→ Exercise requirements: The records below are to be duplicated exactly as they appear.

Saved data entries
lemma exists_invariant_measures_at_simplex_vertices:
  fixes T :: "'a::metric_space \<Rightarrow> 'a" and \<phi> :: "'a \<Rightarrow> real ^ 'd"
  assumes "h \<in> interior (Rot T \<phi>)"
  shows "\<exists>R>0. \<exists>m. \<forall>i. m i \<in> invariant_measures T \<and> rot_vec \<phi> (m i) = h + R *\<^sub>R simplex_vertex idx i"
proof -
  obtain r where "0 < r" "ball h r \<subseteq> Rot T \<phi>" using assms mem_interior by blast
  define R where "R = r / (2 * CARD('d))"
  have "0 < R" using \<open>0 < r\<close> by (simp add: R_def)
  have target: "h + R *\<^sub>R simplex_vertex idx i \<in> Rot T \<phi>" for i
  proof -
    have "norm (R *\<^sub>R simplex_vertex idx i) \<le> R * CARD('d)"
      using norm_simplex_vertex_le[of idx i] \<open>0 < R\<close> by (simp add: mult_left_mono)
    also have "\<dots> < r" using \<open>0 < r\<close> by (simp add: R_def)
    finally show ?thesis using \<open>ball h r \<subseteq> Rot T \<phi>\<close> by (auto simp: dist_norm)
  qed
  have "\<exists>M\<in>invariant_measures T. rot_vec \<phi> M = h + R *\<^sub>R simplex_vertex idx i" for i
    using target[of i] by (auto simp: Rot_def image_iff)
  then have "\<forall>i. \<exists>M. M \<in> invariant_measures T \<and> rot_vec \<phi> M = h + R *\<^sub>R simplex_vertex idx i"
    by blast
  with \<open>0 < R\<close> show ?thesis by (metis choice)
qed

lemma exists_invariant_measures_near_shifted_simplex:
  fixes T :: "'a::metric_space \<Rightarrow> 'a" and \<phi> :: "'a \<Rightarrow> real ^ 'd"
    and F :: "('a \<Rightarrow> real) set" and \<delta> :: real
  assumes compact: "compact (UNIV :: 'a set)" and T: "T \<in> borel_measurable borel"
    and \<phi>: "continuous_on UNIV \<phi>" and \<mu>: "\<mu> \<in> rot_preimage T \<phi> h"
    and h: "h \<in> interior (Rot T \<phi>)"
    and F: "finite F" "\<forall>f\<in>F. continuous_on UNIV f" and "0 < \<delta>"
  shows "\<exists>s>0. \<exists>\<rho>. \<forall>i\<le>CARD('d). \<rho> i \<in> invariant_measures T \<and>
    rot_vec \<phi> (\<rho> i) = h + s *\<^sub>R simplex_vertex idx i \<and>
    (\<forall>f\<in>F. \<bar>integral\<^sup>L (\<rho> i) f - integral\<^sup>L \<mu> f\<bar> < \<delta>)"
proof -
  have \<mu>_inv: "\<mu> \<in> invariant_measures T" and "rot_vec \<phi> \<mu> = h"
    using \<mu> by (auto simp: rot_preimage_def)
  obtain R m where "0 < R" and m: "\<And>i. m i \<in> invariant_measures T"
    "\<And>i. rot_vec \<phi> (m i) = h + R *\<^sub>R simplex_vertex idx i"
    using exists_invariant_measures_at_simplex_vertices[OF h] by blast
  \<comment> \<open>Mixing \<open>\<mu>\<close> with a small amount \<open>t\<close> of \<open>m i\<close> moves the integrals by \<open>t (\<integral>f dm\<^sub>i - \<integral>f d\<mu>)\<close>.\<close>
  have "\<forall>\<^sub>F t in at_right 0. t \<in> {0<..<1} \<and>
      (\<forall>i\<in>{..CARD('d)}. \<forall>f\<in>F. \<bar>t * (integral\<^sup>L (m i) f - integral\<^sup>L \<mu> f)\<bar> < \<delta>)"
  proof (intro eventually_conj eventually_at_right_real eventually_ball_finite ballI)
    fix i and f :: "'a \<Rightarrow> real"
    have "((\<lambda>t. t * (integral\<^sup>L (m i) f - integral\<^sup>L \<mu> f)) \<longlongrightarrow>
        0 * (integral\<^sup>L (m i) f - integral\<^sup>L \<mu> f)) (at_right 0)"
      by (intro tendsto_mult tendsto_ident_at tendsto_const)
    from tendstoD[OF this \<open>0 < \<delta>\<close>]
    show "\<forall>\<^sub>F t in at_right 0. \<bar>t * (integral\<^sup>L (m i) f - integral\<^sup>L \<mu> f)\<bar> < \<delta>"
      by (simp add: dist_real_def)
  qed (use F in auto)
  from eventually_happens[OF this] obtain t where t: "0 < t" "t < 1"
    and close: "\<forall>i\<in>{..CARD('d)}. \<forall>f\<in>F. \<bar>t * (integral\<^sup>L (m i) f - integral\<^sup>L \<mu> f)\<bar> < \<delta>"
    by auto
  note \<mu>_meas = invariant_measuresD[OF \<mu>_inv] and m_meas = invariant_measuresD[OF m(1)]
  show ?thesis
  proof (intro exI[of _ "t * R"] conjI exI[of _ "\<lambda>i. convex_mixture t \<mu> (m i)"] allI impI ballI)
    show "0 < t * R" using t \<open>0 < R\<close> by simp
    fix i assume "i \<le> CARD('d)"
    show "convex_mixture t \<mu> (m i) \<in> invariant_measures T"
      using \<mu>_inv m(1) t T by (intro convex_mixture_in_invariant_measures) auto
    show "rot_vec \<phi> (convex_mixture t \<mu> (m i)) = h + (t * R) *\<^sub>R simplex_vertex idx i"
      using t \<open>rot_vec \<phi> \<mu> = h\<close> m(2)
      by (simp add: rot_vec_convex_mixture[OF compact \<phi> \<mu>_meas m_meas] algebra_simps)
    fix f assume "f \<in> F"
    then have "integral\<^sup>L (convex_mixture t \<mu> (m i)) f - integral\<^sup>L \<mu> f =
        t * (integral\<^sup>L (m i) f - integral\<^sup>L \<mu> f)"
      using t F(2) by (simp add: integral_convex_mixture[OF compact _ \<mu>_meas m_meas] algebra_simps)
    then show "\<bar>integral\<^sup>L (convex_mixture t \<mu> (m i)) f - integral\<^sup>L \<mu> f\<bar> < \<delta>"
      using close \<open>i \<le> CARD('d)\<close> \<open>f \<in> F\<close> by simp
  qed
qed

→ Response to the task:
lemma exists_invariant_measures_at_simplex_vertices:
  fixes T :: "'a::metric_space \<Rightarrow> 'a" and \<phi> :: "'a \<Rightarrow> real ^ 'd"
  assumes "h \<in> interior (Rot T \<phi>)"
  shows "\<exists>R>0. \<exists>m. \<forall>i. m i \<in> invariant_measures T \<and> rot_vec \<phi> (m i) = h + R *\<^sub>R simplex_vertex idx i"
proof -
  obtain r where "0 < r" "ball h r \<subseteq> Rot T \<phi>" using assms mem_interior by blast
  define R where "R = r / (2 * CARD('d))"
  have "0 < R" using \<open>0 < r\<close> by (simp add: R_def)
  have target: "h + R *\<^sub>R simplex_vertex idx i \<in> Rot T \<phi>" for i
  proof -
    have "norm (R *\<^sub>R simplex_vertex idx i) \<le> R * CARD('d)"
      using norm_simplex_vertex_le[of idx i] \<open>0 < R\<close> by (simp add: mult_left_mono)
    also have "\<dots> < r" using \<open>0 < r\<close> by (simp add: R_def)
    finally show ?thesis using \<open>ball h r \<subseteq> Rot T \<phi>\<close> by (auto simp: dist_norm)
  qed
  have "\<exists>M\<in>invariant_measures T. rot_vec \<phi> M = h + R *\<^sub>R simplex_vertex idx i" for i
    using target[of i] by (auto simp: Rot_def image_iff)
  then have "\<forall>i. \<exists>M. M \<in> invariant_measures T \<and> rot_vec \<phi> M = h + R *\<^sub>R simplex_vertex idx i"
    by blast
  with \<open>0 < R\<close> show ?thesis by (metis choice)
qed

lemma exists_invariant_measures_near_shifted_simplex:
  fixes T :: "'a::metric_space \<Rightarrow> 'a" and \<phi> :: "'a \<Rightarrow> real ^ 'd"
    and F :: "('a \<Rightarrow> real) set" and \<delta> :: real
  assumes compact: "compact (UNIV :: 'a set)" and T: "T \<in> borel_measurable borel"
    and \<phi>: "continuous_on UNIV \<phi>" and \<mu>: "\<mu> \<in> rot_preimage T \<phi> h"
    and h: "h \<in> interior (Rot T \<phi>)"
    and F: "finite F" "\<forall>f\<in>F. continuous_on UNIV f" and "0 < \<delta>"
  shows "\<exists>s>0. \<exists>\<rho>. \<forall>i\<le>CARD('d). \<rho> i \<in> invariant_measures T \<and>
    rot_vec \<phi> (\<rho> i) = h + s *\<^sub>R simplex_vertex idx i \<and>
    (\<forall>f\<in>F. \<bar>integral\<^sup>L (\<rho> i) f - integral\<^sup>L \<mu> f\<bar> < \<delta>)"
proof -
  have \<mu>_inv: "\<mu> \<in> invariant_measures T" and "rot_vec \<phi> \<mu> = h"
    using \<mu> by (auto simp: rot_preimage_def)
  obtain R m where "0 < R" and m: "\<And>i. m i \<in> invariant_measures T"
    "\<And>i. rot_vec \<phi> (m i) = h + R *\<^sub>R simplex_vertex idx i"
    using exists_invariant_measures_at_simplex_vertices[OF h] by blast
  \<comment> \<open>Mixing \<open>\<mu>\<close> with a small amount \<open>t\<close> of \<open>m i\<close> moves the integrals by \<open>t (\<integral>f dm\<^sub>i - \<integral>f d\<mu>)\<close>.\<close>
  have "\<forall>\<^sub>F t in at_right 0. t \<in> {0<..<1} \<and>
      (\<forall>i\<in>{..CARD('d)}. \<forall>f\<in>F. \<bar>t * (integral\<^sup>L (m i) f - integral\<^sup>L \<mu> f)\<bar> < \<delta>)"
  proof (intro eventually_conj eventually_at_right_real eventually_ball_finite ballI)
    fix i and f :: "'a \<Rightarrow> real"
    have "((\<lambda>t. t * (integral\<^sup>L (m i) f - integral\<^sup>L \<mu> f)) \<longlongrightarrow>
        0 * (integral\<^sup>L (m i) f - integral\<^sup>L \<mu> f)) (at_right 0)"
      by (intro tendsto_mult tendsto_ident_at tendsto_const)
    from tendstoD[OF this \<open>0 < \<delta>\<close>]
    show "\<forall>\<^sub>F t in at_right 0. \<bar>t * (integral\<^sup>L (m i) f - integral\<^sup>L \<mu> f)\<bar> < \<delta>"
      by (simp add: dist_real_def)
  qed (use F in auto)
  from eventually_happens[OF this] obtain t where t: "0 < t" "t < 1"
    and close: "\<forall>i\<in>{..CARD('d)}. \<forall>f\<in>F. \<bar>t * (integral\<^sup>L (m i) f - integral\<^sup>L \<mu> f)\<bar> < \<delta>"
    by auto
  note \<mu>_meas = invariant_measuresD[OF \<mu>_inv] and m_meas = invariant_measuresD[OF m(1)]
  show ?thesis
  proof (intro exI[of _ "t * R"] conjI exI[of _ "\<lambda>i. convex_mixture t \<mu> (m i)"] allI impI ballI)
    show "0 < t * R" using t \<open>0 < R\<close> by simp
    fix i assume "i \<le> CARD('d)"
    show "convex_mixture t \<mu> (m i) \<in> invariant_measures T"
      using \<mu>_inv m(1) t T by (intro convex_mixture_in_invariant_measures) auto
    show "rot_vec \<phi> (convex_mixture t \<mu> (m i)) = h + (t * R) *\<^sub>R simplex_vertex idx i"
      using t \<open>rot_vec \<phi> \<mu> = h\<close> m(2)
      by (simp add: rot_vec_convex_mixture[OF compact \<phi> \<mu>_meas m_meas] algebra_simps)
    fix f assume "f \<in> F"
    then have "integral\<^sup>L (convex_mixture t \<mu> (m i)) f - integral\<^sup>L \<mu> f =
        t * (integral\<^sup>L (m i) f - integral\<^sup>L \<mu> f)"
      using t F(2) by (simp add: integral_convex_mixture[OF compact _ \<mu>_meas m_meas] algebra_simps)
    then show "\<bar>integral\<^sup>L (convex_mixture t \<mu> (m i)) f - integral\<^sup>L \<mu> f\<bar> < \<delta>"
      using close \<open>i \<le> CARD('d)\<close> \<open>f \<in> F\<close> by simp
  qed
qed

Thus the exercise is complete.